§ **PROBLEM STATEMENT**:
Return the following from the records below: each line, word for word, starting with the line that contains "using diff_chain_at[OF R[unfolded" and going on through the line that contains "has_derivative f') (at", with nothing outside that range.

[Data entries]

————

lemma fderiv_compose_real:
  fixes R :: "'a::real_normed_vector \<Rightarrow> real"
  assumes R: "R differentiable (at y)" and g: "g differentiable (at (R y))"
  shows "fderiv (\<lambda>y. g (R y)) y h = fderiv R y h * fderiv g (R y) 1"
proof -
  have "((\<lambda>y. g (R y)) has_derivative (\<lambda>h. fderiv g (R y) (fderiv R y h))) (at y)"
    using diff_chain_at[OF R[unfolded frechet_derivative_works] g[unfolded frechet_derivative_works]]
    by (simp add: o_def)
  then have "fderiv (\<lambda>y. g (R y)) y h = fderiv g (R y) (fderiv R y h)"
    by (rule fderiv_eqI)
  also have "\<dots> = fderiv R y h * fderiv g (R y) 1"
    by (rule fderiv_real_scale[OF g])
  finally show ?thesis .
qed

lemma fderiv_sum_mult:
  assumes "\<And>l. l \<in> A \<Longrightarrow> f l differentiable (at z)" and "\<And>l. l \<in> A \<Longrightarrow> g l differentiable (at z)"
  shows "fderiv (\<lambda>y. \<Sum>l\<in>A. f l y * g l y) z v
       = (\<Sum>l\<in>A. f l z * fderiv (g l) z v + fderiv (f l) z v * g l z)"
  using assms unfolding frechet_derivative_works
  by (intro fderiv_eqI has_derivative_sum has_derivative_mult)

section \<open>Symmetry of second derivatives\<close>

lemma has_real_derivative_along_line:
  fixes f :: "'a::real_normed_vector \<Rightarrow> real"
  assumes "(f has_derivative f') (at (a + s *\<^sub>R v))"
  shows "((\<lambda>s. f (a + s *\<^sub>R v)) has_real_derivative f' v) (at s)"
proof -
  have "((\<lambda>s. a + s *\<^sub>R v) has_derivative (\<lambda>h. h *\<^sub>R v)) (at s)"
    by (intro derivative_eq_intros) auto
  from has_derivative_compose[OF this assms]
  have "((\<lambda>s. f (a + s *\<^sub>R v)) has_derivative (\<lambda>h. f' (h *\<^sub>R v))) (at s)" .
  moreover have "f' (h *\<^sub>R v) = f' v * h" for h
    using linear.scaleR[OF has_derivative_linear[OF assms]] by simp
  ultimately show ?thesis
    unfolding has_field_derivative_def by (metis (no_types, lifting) ext mult.commute)
qed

————

§ **RESPONSE TO THE TASK**:
    using diff_chain_at[OF R[unfolded frechet_derivative_works] g[unfolded frechet_derivative_works]]
    by (simp add: o_def)
  then have "fderiv (\<lambda>y. g (R y)) y h = fderiv g (R y) (fderiv R y h)"
    by (rule fderiv_eqI)
  also have "\<dots> = fderiv R y h * fderiv g (R y) 1"
    by (rule fderiv_real_scale[OF g])
  finally show ?thesis .
qed

lemma fderiv_sum_mult:
  assumes "\<And>l. l \<in> A \<Longrightarrow> f l differentiable (at z)" and "\<And>l. l \<in> A \<Longrightarrow> g l differentiable (at z)"
  shows "fderiv (\<lambda>y. \<Sum>l\<in>A. f l y * g l y) z v
       = (\<Sum>l\<in>A. f l z * fderiv (g l) z v + fderiv (f l) z v * g l z)"
  using assms unfolding frechet_derivative_works
  by (intro fderiv_eqI has_derivative_sum has_derivative_mult)

section \<open>Symmetry of second derivatives\<close>

lemma has_real_derivative_along_line:
  fixes f :: "'a::real_normed_vector \<Rightarrow> real"
  assumes "(f has_derivative f') (at (a + s *\<^sub>R v))"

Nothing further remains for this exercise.